_What you will do_: Repeat word for word every line from the one holding "by (rule finite_dim_spaceE)" to the end of the material below.

_Data for analysis_:
lemma power_relation_if_dependent:
  fixes z :: "'a::real_algebra_1"
  assumes rel: "(\<Sum>k\<le>D. c k *\<^sub>R z ^ k) = 0" and nontrivial: "c k0 \<noteq> 0" "k0 \<le> D"
  shows "\<exists>n. \<exists>q\<in>polys z. z ^ n = z ^ Suc n * q"
proof -
  define n where "n = (LEAST k. c k \<noteq> 0)"
  have "c n \<noteq> 0" using nontrivial(1) unfolding n_def by (rule LeastI)
  have "n \<le> k0" using nontrivial(1) unfolding n_def by (rule Least_le)
  have below_n: "c k = 0" if "k < n" for k using that not_less_Least unfolding n_def by blast
  define q where "q = (\<Sum>k\<in>{Suc n..D}. c k *\<^sub>R z ^ (k - Suc n))"
  have split: "{..D} = {..<n} \<union> {n..D}" using \<open>n \<le> k0\<close> nontrivial(2) by auto
  have "(\<Sum>k\<le>D. c k *\<^sub>R z ^ k) = (\<Sum>k<n. c k *\<^sub>R z ^ k) + (\<Sum>k\<in>{n..D}. c k *\<^sub>R z ^ k)"
    unfolding split by (rule sum.union_disjoint) auto
  also have "\<dots> = (\<Sum>k\<in>{n..D}. c k *\<^sub>R z ^ k)" using below_n by simp
  also have "\<dots> = c n *\<^sub>R z ^ n + (\<Sum>k\<in>{Suc n..D}. c k *\<^sub>R z ^ k)"
    using \<open>n \<le> k0\<close> nontrivial(2) by (simp add: sum.atLeast_Suc_atMost)
  also have "(\<Sum>k\<in>{Suc n..D}. c k *\<^sub>R z ^ k) = z ^ Suc n * q"
    unfolding q_def sum_distrib_left
    by (intro sum.cong refl) (simp add: mult_scaleR_right flip: power_add del: power_Suc)
  finally have eq: "c n *\<^sub>R z ^ n = - (z ^ Suc n * q)"
    using rel by (simp add: add_eq_0_iff2 del: power_Suc)
  have "z ^ n = inverse (c n) *\<^sub>R (c n *\<^sub>R z ^ n)" using \<open>c n \<noteq> 0\<close> by simp
  also have "\<dots> = z ^ Suc n * ((- inverse (c n)) *\<^sub>R q)"
    unfolding eq by (simp add: mult_scaleR_right del: power_Suc)
  finally have "z ^ n = z ^ Suc n * ((- inverse (c n)) *\<^sub>R q)" .
  moreover have "(- inverse (c n)) *\<^sub>R q \<in> polys z"
    unfolding q_def by (intro polys_scaleR polys_sum power_in_polys)
  ultimately show ?thesis by blast
qed

text \<open>In finite dimension the powers of \<open>z\<close> are linearly dependent; this is the algebraic
  core of Fitting's lemma.\<close>

lemma power_relation:
  fixes z :: "'a::real_algebra_1"
  assumes fd: "finite_dim_space TYPE('a)"
  shows "\<exists>n. \<exists>q\<in>polys z. z ^ n = z ^ Suc n * q"
proof -
  obtain S :: "'a set" where S: "finite S" "span S = UNIV" using fd by (rule finite_dim_spaceE)
  define D where "D = card S"
  show ?thesis
  proof (cases "inj_on (\<lambda>k. z ^ k) {..D}")
    case False
    then obtain i j where "i \<noteq> j" "z ^ i = z ^ j" unfolding inj_on_def by blast
    then obtain a b where "a < b" "z ^ a = z ^ b" by (metis linorder_neqE_nat)
    moreover have "Suc a + (b - Suc a) = b" using \<open>a < b\<close> by simp
    ultimately have "z ^ a = z ^ Suc a * z ^ (b - Suc a)" by (simp only: power_add[symmetric])
    then show ?thesis using power_in_polys by blast
  next
    case True
    define P where "P = (\<lambda>k. z ^ k) ` {..D}"
    have "card P = Suc D" unfolding P_def using card_image[OF True] by simp
    then have "dependent P"
      using independent_span_bound[OF S(1)] S(2) unfolding D_def by fastforce
    then obtain u where u: "\<exists>v\<in>P. u v \<noteq> 0" "(\<Sum>v\<in>P. u v *\<^sub>R v) = 0"
      using dependent_finite[of P] unfolding P_def by blast
    have "(\<Sum>k\<le>D. u (z ^ k) *\<^sub>R z ^ k) = 0"
      using u(2) unfolding P_def by (simp add: sum.reindex[OF True])
    moreover obtain k0 where "u (z ^ k0) \<noteq> 0" "k0 \<le> D" using u(1) unfolding P_def by auto
    ultimately show ?thesis by (rule power_relation_if_dependent)
  qed
qed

_Result_:
  obtain S :: "'a set" where S: "finite S" "span S = UNIV" using fd by (rule finite_dim_spaceE)
  define D where "D = card S"
  show ?thesis
  proof (cases "inj_on (\<lambda>k. z ^ k) {..D}")
    case False
    then obtain i j where "i \<noteq> j" "z ^ i = z ^ j" unfolding inj_on_def by blast
    then obtain a b where "a < b" "z ^ a = z ^ b" by (metis linorder_neqE_nat)
    moreover have "Suc a + (b - Suc a) = b" using \<open>a < b\<close> by simp
    ultimately have "z ^ a = z ^ Suc a * z ^ (b - Suc a)" by (simp only: power_add[symmetric])
    then show ?thesis using power_in_polys by blast
  next
    case True
    define P where "P = (\<lambda>k. z ^ k) ` {..D}"
    have "card P = Suc D" unfolding P_def using card_image[OF True] by simp
    then have "dependent P"
      using independent_span_bound[OF S(1)] S(2) unfolding D_def by fastforce
    then obtain u where u: "\<exists>v\<in>P. u v \<noteq> 0" "(\<Sum>v\<in>P. u v *\<^sub>R v) = 0"
      using dependent_finite[of P] unfolding P_def by blast
    have "(\<Sum>k\<le>D. u (z ^ k) *\<^sub>R z ^ k) = 0"
      using u(2) unfolding P_def by (simp add: sum.reindex[OF True])
    moreover obtain k0 where "u (z ^ k0) \<noteq> 0" "k0 \<le> D" using u(1) unfolding P_def by auto
    ultimately show ?thesis by (rule power_relation_if_dependent)
  qed
qed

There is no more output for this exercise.